Assigned task :: Reading the data below, count the lines that carry the string "moreover". Give nothing but the count.
-------
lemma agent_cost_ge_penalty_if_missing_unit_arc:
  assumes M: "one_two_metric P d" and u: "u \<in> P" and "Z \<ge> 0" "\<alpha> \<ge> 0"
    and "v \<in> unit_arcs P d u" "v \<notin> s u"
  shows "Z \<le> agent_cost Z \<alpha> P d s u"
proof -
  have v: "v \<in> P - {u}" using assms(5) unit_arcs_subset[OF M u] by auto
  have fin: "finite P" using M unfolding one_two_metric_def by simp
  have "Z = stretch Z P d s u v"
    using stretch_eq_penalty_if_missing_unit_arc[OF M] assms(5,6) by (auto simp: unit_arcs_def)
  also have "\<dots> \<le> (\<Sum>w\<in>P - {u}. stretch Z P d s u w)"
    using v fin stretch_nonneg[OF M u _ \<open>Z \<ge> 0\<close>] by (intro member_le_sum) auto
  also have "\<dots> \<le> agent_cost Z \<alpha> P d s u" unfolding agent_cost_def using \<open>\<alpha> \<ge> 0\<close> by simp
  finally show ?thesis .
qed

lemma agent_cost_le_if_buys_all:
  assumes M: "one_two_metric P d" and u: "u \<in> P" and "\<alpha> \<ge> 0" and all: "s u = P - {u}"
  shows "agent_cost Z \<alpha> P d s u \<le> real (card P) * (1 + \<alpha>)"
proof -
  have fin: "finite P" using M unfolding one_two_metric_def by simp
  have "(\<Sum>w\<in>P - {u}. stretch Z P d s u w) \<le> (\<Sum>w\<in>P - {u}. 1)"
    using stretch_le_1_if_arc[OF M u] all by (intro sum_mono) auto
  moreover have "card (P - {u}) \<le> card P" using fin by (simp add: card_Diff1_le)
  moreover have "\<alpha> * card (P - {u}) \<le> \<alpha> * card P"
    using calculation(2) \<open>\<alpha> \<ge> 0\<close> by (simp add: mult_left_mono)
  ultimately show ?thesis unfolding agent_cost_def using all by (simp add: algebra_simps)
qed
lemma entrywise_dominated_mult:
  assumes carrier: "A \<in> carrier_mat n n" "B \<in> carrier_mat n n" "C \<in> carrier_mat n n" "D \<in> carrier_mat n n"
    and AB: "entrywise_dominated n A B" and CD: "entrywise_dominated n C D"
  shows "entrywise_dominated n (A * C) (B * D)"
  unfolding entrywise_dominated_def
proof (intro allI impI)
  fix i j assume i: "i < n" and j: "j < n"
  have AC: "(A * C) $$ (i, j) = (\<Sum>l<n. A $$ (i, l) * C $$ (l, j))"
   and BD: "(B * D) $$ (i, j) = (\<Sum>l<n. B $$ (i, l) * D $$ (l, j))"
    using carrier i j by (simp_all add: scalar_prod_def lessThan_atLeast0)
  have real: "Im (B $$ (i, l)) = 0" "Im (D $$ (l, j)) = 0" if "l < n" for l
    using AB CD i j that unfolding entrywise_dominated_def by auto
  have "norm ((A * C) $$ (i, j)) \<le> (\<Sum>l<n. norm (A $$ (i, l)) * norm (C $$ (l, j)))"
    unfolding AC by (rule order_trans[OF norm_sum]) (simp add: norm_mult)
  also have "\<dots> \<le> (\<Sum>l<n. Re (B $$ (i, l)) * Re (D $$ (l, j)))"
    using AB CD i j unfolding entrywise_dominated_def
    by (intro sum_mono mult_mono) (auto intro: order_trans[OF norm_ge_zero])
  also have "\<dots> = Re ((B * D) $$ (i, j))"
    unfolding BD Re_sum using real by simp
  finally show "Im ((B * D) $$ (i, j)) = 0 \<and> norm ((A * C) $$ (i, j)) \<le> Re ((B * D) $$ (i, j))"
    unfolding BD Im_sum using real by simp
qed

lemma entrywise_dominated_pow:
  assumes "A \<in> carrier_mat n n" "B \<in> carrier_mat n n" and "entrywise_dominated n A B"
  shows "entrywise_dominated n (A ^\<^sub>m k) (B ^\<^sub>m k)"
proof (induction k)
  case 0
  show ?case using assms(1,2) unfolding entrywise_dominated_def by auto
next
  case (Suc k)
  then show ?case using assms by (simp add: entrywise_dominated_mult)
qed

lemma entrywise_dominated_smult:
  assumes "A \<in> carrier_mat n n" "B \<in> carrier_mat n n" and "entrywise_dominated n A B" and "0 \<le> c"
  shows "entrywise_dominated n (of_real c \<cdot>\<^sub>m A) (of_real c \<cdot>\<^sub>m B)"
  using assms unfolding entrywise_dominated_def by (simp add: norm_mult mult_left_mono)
-------
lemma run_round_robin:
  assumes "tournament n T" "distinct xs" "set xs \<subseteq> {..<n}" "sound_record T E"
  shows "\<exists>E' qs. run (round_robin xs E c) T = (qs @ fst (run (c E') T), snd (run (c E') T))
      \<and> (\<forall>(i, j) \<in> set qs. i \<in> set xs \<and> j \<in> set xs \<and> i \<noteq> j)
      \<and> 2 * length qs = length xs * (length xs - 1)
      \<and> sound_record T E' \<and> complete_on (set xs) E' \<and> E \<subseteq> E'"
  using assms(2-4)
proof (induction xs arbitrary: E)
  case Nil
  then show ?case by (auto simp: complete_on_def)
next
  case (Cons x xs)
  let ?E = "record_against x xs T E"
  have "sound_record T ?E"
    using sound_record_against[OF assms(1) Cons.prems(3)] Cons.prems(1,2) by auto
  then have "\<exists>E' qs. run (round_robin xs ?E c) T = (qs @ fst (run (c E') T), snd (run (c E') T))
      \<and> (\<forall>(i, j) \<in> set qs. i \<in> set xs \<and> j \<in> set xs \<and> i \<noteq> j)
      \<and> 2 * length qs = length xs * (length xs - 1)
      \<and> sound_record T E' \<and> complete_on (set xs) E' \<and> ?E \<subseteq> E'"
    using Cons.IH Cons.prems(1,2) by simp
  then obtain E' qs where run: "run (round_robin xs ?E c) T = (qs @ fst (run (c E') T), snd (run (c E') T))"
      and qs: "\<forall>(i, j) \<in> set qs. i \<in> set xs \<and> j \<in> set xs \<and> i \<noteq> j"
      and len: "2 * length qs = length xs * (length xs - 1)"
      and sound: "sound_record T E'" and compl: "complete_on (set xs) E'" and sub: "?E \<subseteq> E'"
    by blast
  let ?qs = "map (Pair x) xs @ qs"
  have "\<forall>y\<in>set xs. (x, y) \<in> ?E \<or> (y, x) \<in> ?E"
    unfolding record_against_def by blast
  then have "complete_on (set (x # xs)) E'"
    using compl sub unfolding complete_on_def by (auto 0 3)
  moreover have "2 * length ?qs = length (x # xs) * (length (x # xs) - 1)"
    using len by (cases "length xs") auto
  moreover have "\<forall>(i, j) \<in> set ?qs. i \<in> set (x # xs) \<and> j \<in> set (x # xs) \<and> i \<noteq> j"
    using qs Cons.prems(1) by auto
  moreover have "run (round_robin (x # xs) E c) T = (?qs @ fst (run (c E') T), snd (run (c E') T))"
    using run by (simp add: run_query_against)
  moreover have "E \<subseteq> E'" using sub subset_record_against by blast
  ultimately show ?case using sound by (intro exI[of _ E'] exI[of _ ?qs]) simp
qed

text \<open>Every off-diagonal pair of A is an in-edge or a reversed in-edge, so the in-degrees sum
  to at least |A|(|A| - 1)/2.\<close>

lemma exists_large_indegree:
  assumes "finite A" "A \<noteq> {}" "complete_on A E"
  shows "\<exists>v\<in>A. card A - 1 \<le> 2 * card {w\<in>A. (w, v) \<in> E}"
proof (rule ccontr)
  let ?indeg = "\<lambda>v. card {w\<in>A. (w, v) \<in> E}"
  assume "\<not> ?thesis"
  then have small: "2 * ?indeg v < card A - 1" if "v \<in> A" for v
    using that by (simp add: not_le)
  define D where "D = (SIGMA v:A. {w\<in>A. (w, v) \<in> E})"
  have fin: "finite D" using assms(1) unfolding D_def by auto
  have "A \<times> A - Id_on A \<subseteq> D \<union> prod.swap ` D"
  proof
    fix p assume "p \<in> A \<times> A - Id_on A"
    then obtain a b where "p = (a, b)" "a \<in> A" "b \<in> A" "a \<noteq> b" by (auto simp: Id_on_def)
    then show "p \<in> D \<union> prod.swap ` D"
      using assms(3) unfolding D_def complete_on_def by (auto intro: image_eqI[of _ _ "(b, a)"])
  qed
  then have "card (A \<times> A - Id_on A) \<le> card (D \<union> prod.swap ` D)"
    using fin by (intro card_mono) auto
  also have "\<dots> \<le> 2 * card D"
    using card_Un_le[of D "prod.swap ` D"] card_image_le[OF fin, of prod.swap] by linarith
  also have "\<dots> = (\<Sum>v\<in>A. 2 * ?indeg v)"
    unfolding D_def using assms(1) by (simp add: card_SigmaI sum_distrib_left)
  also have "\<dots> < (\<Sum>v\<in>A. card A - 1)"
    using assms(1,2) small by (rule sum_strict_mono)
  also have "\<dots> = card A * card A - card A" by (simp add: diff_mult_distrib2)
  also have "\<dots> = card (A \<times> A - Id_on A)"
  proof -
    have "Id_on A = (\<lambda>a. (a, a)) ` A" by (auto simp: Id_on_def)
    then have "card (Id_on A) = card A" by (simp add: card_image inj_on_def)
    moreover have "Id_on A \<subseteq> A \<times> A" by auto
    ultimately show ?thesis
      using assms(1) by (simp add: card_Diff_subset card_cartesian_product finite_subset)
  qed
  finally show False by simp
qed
-------
Task result :: 7